text \<open>Let \<open>u \<in> Es i x\<close> and split \<open>\<Gamma> x u = (\<Sum>k. w k)\<close> with \<open>w k \<in> Es k (g x)\<close>. Since \<open>\<Gamma>\<close>
  intertwines \<open>F\<close> and is uniformly bounded, \<open>F\<^sup>n (\<Gamma> x u) = \<Gamma> (F\<^sup>n u)\<close> grows at most like
  \<open>exp (n (\<chi> i + \<epsilon>))\<close>. If some \<open>w k\<close> with \<open>\<chi> k - \<epsilon> > \<chi> i + \<epsilon>\<close> were nonzero, the fastest such
  component would grow like \<open>exp (n (\<chi> k - \<epsilon>))\<close> and dominate all the other terms. The same
  argument for the inverse cocycle \<open>F\<^sup>-\<^sup>n\<close> along \<open>f\<^sup>-\<^sup>1\<close>, in which the rate interval of \<open>Es k\<close>
  becomes \<open>[- \<chi> k - \<epsilon>, - \<chi> k + \<epsilon>]\<close>, rules out the slower components.\<close>

lemma slower_exponentials_not_dominating:
  fixes A \<alpha> B\<^sub>0 \<beta>\<^sub>0 :: real and B \<beta> :: "'a \<Rightarrow> real"
  assumes M: "finite M" and A: "0 < A" and \<beta>\<^sub>0: "\<beta>\<^sub>0 < \<alpha>"
    and \<beta>: "\<And>m. m \<in> M \<Longrightarrow> B m \<noteq> 0 \<Longrightarrow> \<beta> m < \<alpha>"
    and bound: "\<And>n. A * exp (real n * \<alpha>) \<le>
                    B\<^sub>0 * exp (real n * \<beta>\<^sub>0) + (\<Sum>m\<in>M. B m * exp (real n * \<beta> m))"
  shows False
proof -
  have decay: "(\<lambda>n. b * exp (real n * (\<gamma> - \<alpha>))) \<longlonglongrightarrow> 0" if "b \<noteq> 0 \<Longrightarrow> \<gamma> < \<alpha>" for b \<gamma>
  proof (cases "b = 0")
    case False
    then have "(\<lambda>n. exp (\<gamma> - \<alpha>) ^ n) \<longlonglongrightarrow> 0" using that by (intro LIMSEQ_power_zero) simp
    then show ?thesis by (simp add: exp_of_nat_mult tendsto_mult_right_zero)
  qed simp
  let ?r = "\<lambda>n. B\<^sub>0 * exp (real n * (\<beta>\<^sub>0 - \<alpha>)) + (\<Sum>m\<in>M. B m * exp (real n * (\<beta> m - \<alpha>)))"
  have "?r \<longlonglongrightarrow> 0"
    using \<beta>\<^sub>0 \<beta> by (intro tendsto_add_zero tendsto_null_sum decay) auto
  moreover have "A \<le> ?r n" for n
  proof -
    have "?r n * exp (real n * \<alpha>) =
          B\<^sub>0 * exp (real n * \<beta>\<^sub>0) + (\<Sum>m\<in>M. B m * exp (real n * \<beta> m))"
      by (simp add: distrib_right sum_distrib_right right_diff_distrib exp_diff)
    then have "A * exp (real n * \<alpha>) \<le> ?r n * exp (real n * \<alpha>)"
      using bound[of n] by argo
    then show ?thesis by (rule mult_right_le_imp_le) simp
  qed
  ultimately have "A \<le> 0" by (intro LIMSEQ_le_const) auto
  with A show False by simp
qed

#### [WORK TASK]
Every line from the one containing "using bound[of n] by argo" to the final line of the listing above should be set down exactly, with nothing added.

#### [TASK SOLUTION]
      using bound[of n] by argo
    then show ?thesis by (rule mult_right_le_imp_le) simp
  qed
  ultimately have "A \<le> 0" by (intro LIMSEQ_le_const) auto
  with A show False by simp
qed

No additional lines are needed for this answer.